Tip #5: Put the focus on products and shoppers. Lean staffing often requires managers to step behind the counter to ring up sales, the one place in the store where they add the absolute least value. Hire for the till as necessary to get managers back on the floor engaging with staff and shoppers. And, while you’re rounding out staff, build a training plan for newly hired associates and stick to it. Start with the foundational basics and build it out from there, keeping things simple with “do’s” and “don’t’s” and taking out as much interpretation as possible from policies, procedures and processes. Ensure trainers are adequately prepared; resist the temptation to surprise a tenured associated with a training responsibility at the beginning of a shift.
Tip #6: Neglect average transaction value at your own peril. In the busy holiday season, there’s sometime a tendency to focus attention primarily on store traffic and conversion. Those are important considerations, certainly, but don’t forget average transaction value. Prepare your staff to upsell and add accessories and other complementary SKUs to items already sold. Take a cue from Amazon and others’ tactics and offer additional value – free shipping, gift wrapping, gift cards or a promotional discount – but only after a certain price threshold has been met. Remember, you have two primary store operations levers to affect sales per shopper – conversion and ATV.
Tip #7: Make certain you’re ready for December 26. The day after Christmas falls on a Monday, so prepare now to optimize the opportunity to attract store traffic and capture sales. Update your Facebook page and other social media accounts on Saturday night, December 24, and consider simultaneously tying an email campaign together with it. Train staff to greet shoppers returning merchandise with a simple, “How can I best help you find an exchange?” and make sure all returned merchandise is immediately retagged and put on the floor, and not stacked high to get to at the end of the day when shoppers are finished with their shopping and back at home.
Tip #8: Remind gift givers they deserve gifts too. A great way to increase average transaction value (ATV) and units per transaction (UPT) is to entice gift-giving shoppers to purchase well-deserved gifts for themselves. Try promotions like buy one, get one, or add on gift cards for customers to use as they see fit. Try signage that explicitly reminds shoppers to remember themselves during this most wonderful time of the year.
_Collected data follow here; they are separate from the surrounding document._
(* With the setting in the context, for all $s\in\mathrm{hom}(C,G)_{-1}$ and $v\in\mathrm{hom}(C,G)^1$, $$\mathcal A_s=\prod_n\prod_{x\in K_n}A_x^{s_n(x)},\qquad \mathcal B_v=\prod_n\prod_{x\in K_n}B_x^{v_n(x)},$$ where $s_n(x)\in\widehat G_{n+1}$ is defined by $s_n(x)(g)=s(gx^* )$ for $g\in G_{n+1}$, and $v_n(x)\in G_{n-1}$ is the value of the $n$-th component of $v$ at $x$.
   Context: $(C_\bullet,\partial^C_\bullet)$ is a chain complex with each $C_n$ free abelian on a finite set $K_n$, $K_n\ne\emptyset$ for finitely many $n$; $(G_\bullet,\partial^G_\bullet)$ is a chain complex of finite abelian groups, $\widehat{G}_k=\mathrm{Hom}(G_k,U(1))$. $\mathrm{hom}(C,G)^p=\prod_n\mathrm{Hom}(C_n,G_{n-p})$ with $(\delta^pf)_n=f_{n-1}\partial^C_n-(-1)^p\partial^G_{n-p}f_n$. $\mathrm{hom}(C,G)_p=\mathrm{Hom}(\mathrm{hom}(C,G)^p,U(1))$ (written additively), $\chi_m(f)=m(f)$, $\delta_1m=m\circ\delta^0$. $\mathcal H=\bigotimes_n\bigotimes_{x\in K_n}\mathbb C[G_n]$ with orthonormal basis $|f\rangle$, $f\in\mathrm{hom}(C,G)^0$; $P_t|f\rangle=|f+t\rangle$, $Q_m|f\rangle=\chi_m(f)|f\rangle$; $A_t=P_{\delta^{-1}t}$, $B_m=Q_{\delta_1m}$. $\mathcal A_s=\frac1{|\mathrm{hom}(C,G)^{-1}|}\sum_{t\in\mathrm{hom}(C,G)^{-1}}\chi_s(t)A_t$, $\mathcal B_v=\frac1{|\mathrm{hom}(C,G)_1|}\sum_{m\in\mathrm{hom}(C,G)_1}\chi_m(v)B_m$. For $x\in K_n$, $g\in G_{n-p}$, $gx^*\in\mathrm{hom}(C,G)^p$ has $n$-th component sending $x\mapsto g$ and other elements of $K_n$ to $0$, other components $0$; for $r\in\widehat G_{n-p}$, $rx_*(f)=r(f_n(x))$. For $x\in K_n$: $A_x^r=\frac1{|G_{n+1}|}\sum_{h\in G_{n+1}}r(h)A_{hx^*}$ ($r\in\widehat G_{n+1}$), $B_x^g=\frac1{|G_{n-1}|}\sum_{r\in\widehat G_{n-1}}r(g)B_{rx_*}$ ($g\in G_{n-1}$). *)

theory Defs
  imports Complex_Main "HOL-Algebra.Algebra"
begin

(* C_n is free abelian on K n; the boundary of C is given by its integer matrix
   dC n x y = coefficient of y in the boundary of x (x in K n, y in K (n-1)).
   A homomorphism C_n -> G_k is identified with its restriction to the basis K n.
   Elements of hom(C,G)^p are families f with f n y in carrier (G (n-p)) for
   y in K n, and f n y = undefined otherwise (extensional).
   U(1)-valued characters are complex-valued functions of modulus 1. *)

type_synonym ('c,'g) fam = "int \<Rightarrow> 'c \<Rightarrow> 'g"

definition homsup :: "(int \<Rightarrow> 'c set) \<Rightarrow> (int \<Rightarrow> 'g monoid) \<Rightarrow> int \<Rightarrow> ('c,'g) fam set" where
  "homsup K G p = {f. \<forall>n y. (y \<in> K n \<longrightarrow> f n y \<in> carrier (G (n - p))) \<and>
                              (y \<notin> K n \<longrightarrow> f n y = undefined)}"

definition fam_add :: "(int \<Rightarrow> 'c set) \<Rightarrow> (int \<Rightarrow> 'g monoid) \<Rightarrow> int \<Rightarrow> ('c,'g) fam \<Rightarrow> ('c,'g) fam \<Rightarrow> ('c,'g) fam" where
  "fam_add K G p f g = (\<lambda>n y. if y \<in> K n then f n y \<otimes>\<^bsub>G (n - p)\<^esub> g n y else undefined)"

definition homsub :: "(int \<Rightarrow> 'c set) \<Rightarrow> (int \<Rightarrow> 'g monoid) \<Rightarrow> int \<Rightarrow> (('c,'g) fam \<Rightarrow> complex) set" where
  "homsub K G p = {m. m \<in> extensional (homsup K G p) \<and>
      (\<forall>f \<in> homsup K G p. cmod (m f) = 1) \<and>
      (\<forall>f \<in> homsup K G p. \<forall>g \<in> homsup K G p. m (fam_add K G p f g) = m f * m g)}"

definition gchars :: "'g monoid \<Rightarrow> ('g \<Rightarrow> complex) set" where
  "gchars H = {r. r \<in> extensional (carrier H) \<and> (\<forall>a \<in> carrier H. cmod (r a) = 1) \<and>
      (\<forall>a \<in> carrier H. \<forall>b \<in> carrier H. r (a \<otimes>\<^bsub>H\<^esub> b) = r a * r b)}"

text \<open>The coboundary delta^p : hom(C,G)^p -> hom(C,G)^(p+1),
  (delta^p f)_n = f_(n-1) o dC_n - (-1)^p dG_(n-p) o f_n.\<close>
definition cobdry :: "(int \<Rightarrow> 'c set) \<Rightarrow> (int \<Rightarrow> 'c \<Rightarrow> 'c \<Rightarrow> int) \<Rightarrow> (int \<Rightarrow> 'g monoid) \<Rightarrow>
    (int \<Rightarrow> 'g \<Rightarrow> 'g) \<Rightarrow> int \<Rightarrow> ('c,'g) fam \<Rightarrow> ('c,'g) fam" where
  "cobdry K dC G dG p f = (\<lambda>n y. if y \<in> K n then
      (finprod (G (n - (p + 1))) (\<lambda>z. f (n - 1) z [^]\<^bsub>G (n - (p + 1))\<^esub> dC n y z) (K (n - 1)))
      \<otimes>\<^bsub>G (n - (p + 1))\<^esub>
      (if even p then inv\<^bsub>G (n - (p + 1))\<^esub> (dG (n - p) (f n y)) else dG (n - p) (f n y))
    else undefined)"

text \<open>Operators on H are represented by their matrices w.r.t. the basis |f>, f in hom(C,G)^0:
  M a b = <a| M |b>.\<close>
type_synonym ('c,'g) op = "('c,'g) fam \<Rightarrow> ('c,'g) fam \<Rightarrow> complex"

definition mat_mult :: "('c,'g) fam set \<Rightarrow> ('c,'g) op \<Rightarrow> ('c,'g) op \<Rightarrow> ('c,'g) op" where
  "mat_mult B M N = (\<lambda>a b. \<Sum>c\<in>B. M a c * N c b)"

definition mat_one :: "('c,'g) op" where
  "mat_one = (\<lambda>a b. if a = b then 1 else 0)"

definition mat_prod_list :: "('c,'g) fam set \<Rightarrow> ('c,'g) op list \<Rightarrow> ('c,'g) op" where
  "mat_prod_list B Ms = foldr (mat_mult B) Ms mat_one"

text \<open>P_t |f> = |f + t>,  Q_m |f> = chi_m(f) |f>.\<close>
definition opP :: "(int \<Rightarrow> 'c set) \<Rightarrow> (int \<Rightarrow> 'g monoid) \<Rightarrow> ('c,'g) fam \<Rightarrow> ('c,'g) op" where
  "opP K G t = (\<lambda>a b. if a = fam_add K G 0 b t then 1 else 0)"

definition opQ :: "(('c,'g) fam \<Rightarrow> complex) \<Rightarrow> ('c,'g) op" where
  "opQ m = (\<lambda>a b. if a = b then m b else 0)"

definition opA :: "(int \<Rightarrow> 'c set) \<Rightarrow> (int \<Rightarrow> 'c \<Rightarrow> 'c \<Rightarrow> int) \<Rightarrow> (int \<Rightarrow> 'g monoid) \<Rightarrow>
    (int \<Rightarrow> 'g \<Rightarrow> 'g) \<Rightarrow> ('c,'g) fam \<Rightarrow> ('c,'g) op" where
  "opA K dC G dG t = opP K G (cobdry K dC G dG (-1) t)"

definition opB :: "(int \<Rightarrow> 'c set) \<Rightarrow> (int \<Rightarrow> 'c \<Rightarrow> 'c \<Rightarrow> int) \<Rightarrow> (int \<Rightarrow> 'g monoid) \<Rightarrow>
    (int \<Rightarrow> 'g \<Rightarrow> 'g) \<Rightarrow> (('c,'g) fam \<Rightarrow> complex) \<Rightarrow> ('c,'g) op" where
  "opB K dC G dG m = opQ (\<lambda>f. m (cobdry K dC G dG 0 f))"

definition bigA :: "(int \<Rightarrow> 'c set) \<Rightarrow> (int \<Rightarrow> 'c \<Rightarrow> 'c \<Rightarrow> int) \<Rightarrow> (int \<Rightarrow> 'g monoid) \<Rightarrow>
    (int \<Rightarrow> 'g \<Rightarrow> 'g) \<Rightarrow> (('c,'g) fam \<Rightarrow> complex) \<Rightarrow> ('c,'g) op" where
  "bigA K dC G dG s = (\<lambda>a b. (1 / of_nat (card (homsup K G (-1)))) *
      (\<Sum>t \<in> homsup K G (-1). s t * opA K dC G dG t a b))"

definition bigB :: "(int \<Rightarrow> 'c set) \<Rightarrow> (int \<Rightarrow> 'c \<Rightarrow> 'c \<Rightarrow> int) \<Rightarrow> (int \<Rightarrow> 'g monoid) \<Rightarrow>
    (int \<Rightarrow> 'g \<Rightarrow> 'g) \<Rightarrow> ('c,'g) fam \<Rightarrow> ('c,'g) op" where
  "bigB K dC G dG v = (\<lambda>a b. (1 / of_nat (card (homsub K G 1))) *
      (\<Sum>m \<in> homsub K G 1. m v * opB K dC G dG m a b))"

definition costar :: "(int \<Rightarrow> 'c set) \<Rightarrow> (int \<Rightarrow> 'g monoid) \<Rightarrow> int \<Rightarrow> int \<Rightarrow> 'c \<Rightarrow> 'g \<Rightarrow> ('c,'g) fam" where
  "costar K G p n x g = (\<lambda>k y. if y \<in> K k then (if k = n \<and> y = x then g else \<one>\<^bsub>G (k - p)\<^esub>)
                              else undefined)"

definition pushch :: "(int \<Rightarrow> 'c set) \<Rightarrow> (int \<Rightarrow> 'g monoid) \<Rightarrow> int \<Rightarrow> int \<Rightarrow> 'c \<Rightarrow> ('g \<Rightarrow> complex) \<Rightarrow>
    (('c,'g) fam \<Rightarrow> complex)" where
  "pushch K G p n x r = (\<lambda>f. if f \<in> homsup K G p then r (f n x) else undefined)"

definition locA :: "(int \<Rightarrow> 'c set) \<Rightarrow> (int \<Rightarrow> 'c \<Rightarrow> 'c \<Rightarrow> int) \<Rightarrow> (int \<Rightarrow> 'g monoid) \<Rightarrow>
    (int \<Rightarrow> 'g \<Rightarrow> 'g) \<Rightarrow> int \<Rightarrow> 'c \<Rightarrow> ('g \<Rightarrow> complex) \<Rightarrow> ('c,'g) op" where
  "locA K dC G dG n x r = (\<lambda>a b. (1 / of_nat (card (carrier (G (n + 1))))) *
      (\<Sum>h \<in> carrier (G (n + 1)). r h * opA K dC G dG (costar K G (-1) n x h) a b))"
lemma block_word_base_in_region:
  "ps \<in> lists P \<Longrightarrow> ps \<noteq> [] \<Longrightarrow> foldr act (block_word ps) base \<in> region (hd ps)"
proof (induction ps)
  case (Cons p ps)
  show ?case
  proof (cases "ps = []")
    case True
    then show ?thesis using Cons.prems blk_maps_base by simp
  next
    case False
    have p: "p \<in> P" "ps \<in> lists P" using Cons.prems by simp_all
    then have "foldr act (block_word ps) base \<in> region (hd ps)" "hd ps \<in> P"
      using Cons.IH False by (auto intro: hd_in_set)
    then have "foldr act (blk p) (foldr act (block_word ps) base) \<in> region p"
      using p(1) by (intro blk_maps_region)
    then show ?thesis by simp
  qed
qed simp

lemma block_word_inj:
  "ps \<in> lists P \<Longrightarrow> qs \<in> lists P \<Longrightarrow> length (block_word ps) = length (block_word qs)
    \<Longrightarrow> foldr act (block_word ps) base = foldr act (block_word qs) base \<Longrightarrow> ps = qs"
proof (induction ps arbitrary: qs)
  case Nil
  then show ?case using length_le_length_block_word[of qs] by simp
next
  case (Cons p ps)
  have p: "p \<in> P" "ps \<in> lists P" and qs_in: "qs \<in> lists P"
    and len: "length (blk p @ block_word ps) = length (block_word qs)"
    and eq: "foldr act (blk p @ block_word ps) base = foldr act (block_word qs) base"
    using Cons.prems by simp_all
  then have "qs \<noteq> []" using blk_nonempty[of p] by auto
  then obtain q qs' where qs: "qs = q # qs'" by (cases qs) auto
  with qs_in have q: "q \<in> P" "qs' \<in> lists P" by simp_all
  have "foldr act (block_word (p # ps)) base \<in> region p \<inter> region q"
    using block_word_base_in_region[of "p # ps"] block_word_base_in_region[of qs] p qs_in eq qs
    by simp
  then have "p = q" using regions_disjoint[OF p(1) q(1)] by blast
  then have "foldr act (blk p) (foldr act (block_word ps) base)
      = foldr act (blk p) (foldr act (block_word qs') base)"
    using eq qs by simp
  then have "foldr act (block_word ps) base = foldr act (block_word qs') base"
    using blk_cox_word[OF p(1)] by (rule foldr_act_cancel[rotated])
  then have "ps = qs'" using Cons.IH[of qs'] p q len qs \<open>p = q\<close> by simp
  then show ?case using qs \<open>p = q\<close> by simp
qed

definition block_seqs :: "nat \<Rightarrow> 'p list set" where
  "block_seqs k = {ps \<in> lists P. length (block_word ps) = k}"

lemma finite_block_seqs: "finite (block_seqs k)"
proof (rule finite_subset)
  show "block_seqs k \<subseteq> {ps. set ps \<subseteq> P \<and> length ps \<le> k}"
  proof
    fix ps assume "ps \<in> block_seqs k"
    then have "ps \<in> lists P" "length (block_word ps) = k" by (simp_all add: block_seqs_def)
    then show "ps \<in> {ps. set ps \<subseteq> P \<and> length ps \<le> k}"
      using length_le_length_block_word[of ps] by auto
  qed
  show "finite {ps. set ps \<subseteq> P \<and> length ps \<le> k}"
    using finite_blocks by (rule finite_lists_length_le)
qed

lemma block_seqs_0: "block_seqs 0 = {[]}"
proof (intro equalityI subsetI)
  fix ps assume "ps \<in> block_seqs 0"
  then show "ps \<in> {[]}"
    using length_le_length_block_word[of ps] by (simp add: block_seqs_def)
qed (simp add: block_seqs_def)

lemma card_block_seqs_rec:
  "(\<Sum>p | p \<in> P \<and> length (blk p) \<le> k. card (block_seqs (k - length (blk p)))) \<le> card (block_seqs k)"
proof -
  let ?I = "{p. p \<in> P \<and> length (blk p) \<le> k}"
  have "(\<Sum>p\<in>?I. card (block_seqs (k - length (blk p))))
      = (\<Sum>p\<in>?I. card (Cons p ` block_seqs (k - length (blk p))))"
    by (rule sum.cong[OF HOL.refl], rule card_image[symmetric]) (simp add: inj_on_def)
  also have "\<dots> = card (\<Union>p\<in>?I. Cons p ` block_seqs (k - length (blk p)))"
    using finite_blocks
    by (intro card_UN_disjoint[symmetric]) (simp_all add: finite_block_seqs, blast)
  also have "\<dots> \<le> card (block_seqs k)"
    by (intro card_mono finite_block_seqs) (auto simp: block_seqs_def)
  finally show ?thesis .
qed
(* Let $h:\mathbb R^n\to\mathbb R$, $h(x):=\|g_r(x)\|-g_0(x)$. For every $\delta>0$ there exist $\epsilon>0$ and a neighborhood $U$ of $\bar x$ such that for every $x_0\in U$ with $g_r(x_0)\neq0$, $|h(x_0)|<\epsilon\|g_r(x_0)\|$ and $\|\nabla h(x_0)\|\ge\delta$, there exists $\tilde x\in\mathbb R^n$ with $h(\tilde x)=0$ and $\|\tilde x-x_0\|\le 2|h(x_0)|/\delta$.
   Context: Let $n,m\ge1$ and let $g=(g_0,g_r):\mathbb R^n\to\mathbb R\times\mathbb R^m$ be $C^2$-smooth around a point $\bar x\in\mathbb R^n$ with $g(\bar x)=0$. (Note $h$ is $C^2$ near every point $x$ with $g_r(x)\ne0$ close to $\bar x$.) *)

theory Defs
  imports "HOL-Analysis.Analysis"
begin

definition C2_on :: "'a::real_normed_vector set \<Rightarrow> ('a \<Rightarrow> 'b::real_normed_vector) \<Rightarrow> bool" where
  "C2_on V f \<longleftrightarrow> (\<exists>f' :: 'a \<Rightarrow> ('a \<Rightarrow>\<^sub>L 'b). \<exists>f'' :: 'a \<Rightarrow> ('a \<Rightarrow>\<^sub>L ('a \<Rightarrow>\<^sub>L 'b)).
      (\<forall>x\<in>V. (f has_derivative blinfun_apply (f' x)) (at x)) \<and>
      (\<forall>x\<in>V. (f' has_derivative blinfun_apply (f'' x)) (at x)) \<and>
      continuous_on V f'')"

definition C2_near :: "('a::real_normed_vector \<Rightarrow> 'b::real_normed_vector) \<Rightarrow> 'a \<Rightarrow> bool" where
  "C2_near f a \<longleftrightarrow> (\<exists>V. open V \<and> a \<in> V \<and> C2_on V f)"

end

theory Submission
  imports Defs
begin

text \<open>Near \<open>xbar\<close> the map \<open>g\<close> is uniformly close to its linearisation, and where
\<open>g\<^sub>r(x\<^sub>0) \<noteq> 0\<close> the first-order error of \<open>\<parallel>g\<^sub>r\<parallel>\<close> is at most
\<open>\<parallel>\<Delta>g\<^sub>r\<parallel>\<^sup>2 / \<parallel>g\<^sub>r(x\<^sub>0)\<parallel>\<close>. Hence, if \<open>|h(x\<^sub>0)|\<close> is small compared with
\<open>\<parallel>g\<^sub>r(x\<^sub>0)\<parallel>\<close>, then on the ball of radius \<open>t = 2|h(x\<^sub>0)|/\<delta>\<close> around \<open>x\<^sub>0\<close> the
function \<open>h\<close> deviates from its affine model by at most \<open>|h(x\<^sub>0)|\<close>. A step of length \<open>t\<close>
along \<open>\<nabla>h(x\<^sub>0)\<close>, against the sign of \<open>h(x\<^sub>0)\<close>, lowers the model by \<open>t\<parallel>\<nabla>h\<parallel> \<ge> 2|h(x\<^sub>0)|\<close>,
so \<open>h\<close> changes sign on that segment and vanishes there by the intermediate value theorem.\<close>

lemma norm_linearization_error_le:
  fixes a b :: "'a::real_inner"
  assumes "a \<noteq> 0"
  shows "\<bar>norm b - norm a - sgn a \<bullet> (b - a)\<bar> \<le> (norm (b - a))\<^sup>2 / norm a"
proof -
  have na: "norm a > 0" using assms by simp
  have cs: "a \<bullet> b \<le> norm a * norm b" by (rule norm_cauchy_schwarz)
  have "norm b - norm a - sgn a \<bullet> (b - a) = (norm a * norm b - a \<bullet> b) / norm a"
    using na by (simp add: sgn_div_norm inner_diff_right field_simps dot_square_norm power2_eq_square)
  moreover have "norm a * norm b - a \<bullet> b \<le> (norm (b - a))\<^sup>2"
  proof -
    have "(norm (b - a))\<^sup>2 = (norm a)\<^sup>2 + (norm b)\<^sup>2 - 2 * (a \<bullet> b)"
      by (simp add: power2_norm_eq_inner inner_diff inner_commute)
    moreover have "0 \<le> (norm a - norm b)\<^sup>2" by simp
    ultimately show ?thesis using cs by (simp add: power2_eq_square algebra_simps)
  qed
  ultimately show ?thesis using na cs by (simp add: divide_right_mono)
qed

lemma norm_snd_minus_fst_linearization_le:
  fixes p q l :: "real \<times> 'b::real_inner"
  assumes "snd p \<noteq> 0"
  shows "\<bar>(norm (snd q) - fst q) - (norm (snd p) - fst p) - (sgn (snd p) \<bullet> snd l - fst l)\<bar>
           \<le> (norm (snd q - snd p))\<^sup>2 / norm (snd p) + 2 * norm (q - p - l)"
proof -
  define w where "w = q - p - l"
  have "(norm (snd q) - fst q) - (norm (snd p) - fst p) - (sgn (snd p) \<bullet> snd l - fst l)
      = (norm (snd q) - norm (snd p) - sgn (snd p) \<bullet> (snd q - snd p)) + sgn (snd p) \<bullet> snd w - fst w"
    by (simp add: w_def inner_diff_right algebra_simps)
  moreover have "\<bar>sgn (snd p) \<bullet> snd w\<bar> \<le> norm w"
  proof -
    have "\<bar>sgn (snd p) \<bullet> snd w\<bar> \<le> norm (sgn (snd p)) * norm (snd w)"
      by (rule Cauchy_Schwarz_ineq2)
    also have "\<dots> \<le> norm w"
      using assms by (simp add: norm_sgn) (metis norm_snd_le prod.collapse)
    finally show ?thesis .
  qed
  moreover have "\<bar>fst w\<bar> \<le> norm w"
    by (metis norm_fst_le prod.collapse real_norm_def)
  ultimately show ?thesis
    using norm_linearization_error_le[OF assms, of "snd q"] by (simp add: w_def)
qed

lemma exists_zero_on_closed_segment:
  fixes f :: "'a::real_normed_vector \<Rightarrow> real"
  assumes "continuous_on (closed_segment a b) f" and "f a * f b \<le> 0"
  shows "\<exists>z\<in>closed_segment a b. f z = 0"
proof -
  have "connected (f ` closed_segment a b)"
    using assms(1) by (simp add: connected_continuous_image)
  then have "{min (f a) (f b)..max (f a) (f b)} \<subseteq> f ` closed_segment a b"
    by (rule connected_contains_Icc) (auto simp: min_def max_def)
  moreover have "min (f a) (f b) \<le> 0" "0 \<le> max (f a) (f b)"
    using assms(2) by (auto simp: mult_le_0_iff)
  ultimately show ?thesis by force
qed

lemma zero_in_cball_of_affine_approximation:
  fixes f :: "'a::real_inner \<Rightarrow> real"
  assumes cont: "continuous_on (cball x0 t) f"
    and t: "0 \<le> t" "2 * \<bar>f x0\<bar> \<le> t * norm G"
    and approx: "\<And>y. y \<in> cball x0 t \<Longrightarrow> \<bar>f y - f x0 - G \<bullet> (y - x0)\<bar> \<le> \<bar>f x0\<bar>"
  shows "\<exists>z\<in>cball x0 t. f z = 0"
proof -
  define s where "s = sgn (f x0)"
  \<comment> \<open>The step against the sign of \<open>f x0\<close> along \<open>G\<close>. If \<open>G = 0\<close>, division by zero makes
    it vanish, and then the hypotheses force \<open>f x0 = 0\<close>.\<close>
  define x1 where "x1 = x0 - (t * s / norm G) *\<^sub>R G"
  have step: "x1 - x0 = - (t * s / norm G) *\<^sub>R G"
    by (simp add: x1_def)
  have slope: "G \<bullet> (x1 - x0) = - t * s * norm G"
    unfolding step by (cases "G = 0") (simp_all add: power2_norm_eq_inner[symmetric] power2_eq_square)
  have "norm (x1 - x0) \<le> t"
    using t(1) by (cases "G = 0") (auto simp: step s_def abs_sgn_eq abs_mult)
  then have segment: "closed_segment x0 x1 \<subseteq> cball x0 t"
    using t(1) by (intro closed_segment_subset) (auto simp: dist_norm norm_minus_commute)
  have "s * f x1 \<le> 0"
  proof (cases "f x0 = 0")
    case False
    then have s2: "s * s = 1" and sf0: "s * f x0 = \<bar>f x0\<bar>" and "\<bar>s\<bar> = 1"
      by (auto simp: s_def sgn_if)
    have "s * f x1 = s * f x0 + s * (G \<bullet> (x1 - x0)) + s * (f x1 - f x0 - G \<bullet> (x1 - x0))"
      by (simp add: algebra_simps)
    also have "\<dots> \<le> \<bar>f x0\<bar> - t * norm G + \<bar>f x1 - f x0 - G \<bullet> (x1 - x0)\<bar>"
    proof -
      have "s * (G \<bullet> (x1 - x0)) = - t * norm G"
        using s2 by (simp add: slope)
      moreover have "s * (f x1 - f x0 - G \<bullet> (x1 - x0)) \<le> \<bar>f x1 - f x0 - G \<bullet> (x1 - x0)\<bar>"
        using \<open>\<bar>s\<bar> = 1\<close> by (metis abs_ge_self abs_mult mult_1)
      ultimately show ?thesis using sf0 by linarith
    qed
    finally show ?thesis
      using approx[of x1] segment t(2) by auto
  qed (simp add: s_def)
  then have "f x0 * f x1 \<le> 0"
    by (metis s_def abs_mult_sgn abs_ge_zero mult.assoc mult_nonneg_nonpos)
  then show ?thesis
    using exists_zero_on_closed_segment[OF continuous_on_subset[OF cont segment]] segment by blast
qed

lemma has_derivative_norm_snd_minus_fst:
  fixes g :: "'a::real_normed_vector \<Rightarrow> real \<times> 'b::real_inner"
  assumes "(g has_derivative D) (at x)" and "snd (g x) \<noteq> 0"
  shows "((\<lambda>x. norm (snd (g x)) - fst (g x)) has_derivative
           (\<lambda>v. sgn (snd (g x)) \<bullet> snd (D v) - fst (D v))) (at x)"
  using has_derivative_diff[OF has_derivative_compose[OF has_derivative_snd[OF assms(1)]
        has_derivative_norm[OF assms(2)]] has_derivative_fst[OF assms(1)]]
  by (simp add: inner_commute)
lemma lebesgue_reflect:
  fixes s :: "'a::euclidean_space"
  shows "distr lebesgue lebesgue (\<lambda>x. s - x) = lebesgue"
    and "(\<lambda>x. s - x) \<in> lebesgue \<rightarrow>\<^sub>M lebesgue"
proof -
  have affine: "(\<lambda>x. s + (\<Sum>j\<in>Basis. ((-1) * (x \<bullet> j)) *\<^sub>R j)) = (\<lambda>x. s - x)"
  proof
    fix x :: 'a
    have "(\<Sum>j\<in>Basis. ((-1) * (x \<bullet> j)) *\<^sub>R j) = - (\<Sum>j\<in>Basis. (x \<bullet> j) *\<^sub>R j)"
      by (simp add: sum_negf)
    then show "s + (\<Sum>j\<in>Basis. ((-1) * (x \<bullet> j)) *\<^sub>R j) = s - x"
      by (simp add: euclidean_representation)
  qed
  have "lebesgue = density (distr lebesgue lebesgue (\<lambda>x. s - x)) (\<lambda>_. \<Prod>j\<in>(Basis::'a set). \<bar>-1::real\<bar>)"
    using lebesgue_affine_euclidean[of "\<lambda>_. -1" s] affine by simp
  then show "distr lebesgue lebesgue (\<lambda>x. s - x) = lebesgue"
    by (simp add: density_1)
  show "(\<lambda>x. s - x) \<in> lebesgue \<rightarrow>\<^sub>M lebesgue"
    using lebesgue_affine_measurable[of "\<lambda>_. -1" s] affine by simp
qed

lemma integral_lebesgue_reflect:
  fixes f :: "'a::euclidean_space \<Rightarrow> real"
  assumes "f \<in> borel_measurable lebesgue"
  shows "(LINT t|lebesgue. f (s - t)) = (LINT t|lebesgue. f t)"
  using integral_distr[OF lebesgue_reflect(2) assms] by (simp add: lebesgue_reflect(1))

lemma L2_on_UNIV_reflect:
  assumes "f \<in> L2_on UNIV"
  shows "(\<lambda>t. f (s - t)) \<in> L2_on UNIV"
proof -
  have f: "f \<in> borel_measurable lebesgue" and "integrable lebesgue (\<lambda>x. (f x)\<^sup>2)"
    using assms by (auto simp: L2_on_UNIV_iff)
  then have "integrable (distr lebesgue lebesgue (\<lambda>t. s - t)) (\<lambda>x. (f x)\<^sup>2)"
    by (simp add: lebesgue_reflect(1))
  then have "integrable lebesgue (\<lambda>t. (f (s - t))\<^sup>2)"
    using integrable_distr_eq[OF lebesgue_reflect(2), of "\<lambda>x. (f x)\<^sup>2"] f by simp
  moreover have "(\<lambda>t. f (s - t)) \<in> borel_measurable lebesgue"
    using measurable_compose[OF lebesgue_reflect(2) f] by simp
  ultimately show ?thesis by (simp add: L2_on_UNIV_iff)
qed

definition convolution :: "('a::euclidean_space \<Rightarrow> real) \<Rightarrow> ('a \<Rightarrow> real) \<Rightarrow> 'a \<Rightarrow> real" where
  "convolution f g s = (LINT t|lebesgue. f (s - t) * g t)"

lemma autoconv_eq_convolution:
  "autoconv x s = (if s \<in> cbox 0 (2 *\<^sub>R One) then convolution x x s else 0)"
  by (simp add: autoconv_def convolution_def)

lemma convolution_commute:
  assumes "f \<in> borel_measurable lebesgue" "g \<in> borel_measurable lebesgue"
  shows "convolution f g s = convolution g f s"
proof -
  have "(\<lambda>u. g u * f (s - u)) \<in> borel_measurable lebesgue"
    using assms measurable_compose[OF lebesgue_reflect(2) assms(1)] by measurable
  from integral_lebesgue_reflect[OF this, of s] show ?thesis
    by (simp add: convolution_def mult.commute)
qed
Tip #9: ‘Tis the season, for it’s better to give than to receive. The holidays are an opportunity to bring out the best, both from shoppers and your very own business. Highlight the needs of a local community non-profit organization and hold an in-store event that promotes the cause, including the donation of a percentage of proceeds. It’s a great feel-good way of promoting both the non-profit and your store to the broader community, and it attracts new traffic to your storefront, raising recognition and awareness, and fostering long-term relationships with shoppers.
Tip #10: Smile, and don’t forget to have little fun! The holiday season is a huge source of stress for retailers and a great number of their customers as well. It’s important to keep your sense of humor and deliver a surprisingly delightful, magical and memorable shopping experience – after all, it’s likely what attracted you to retail in the first place. The holiday season tends to draw new traffic into stores, and it’s a once-a-year opportunity to make the sort of grand impression that pays off in return visits throughout the rest of the year. Happy holidays, and good luck!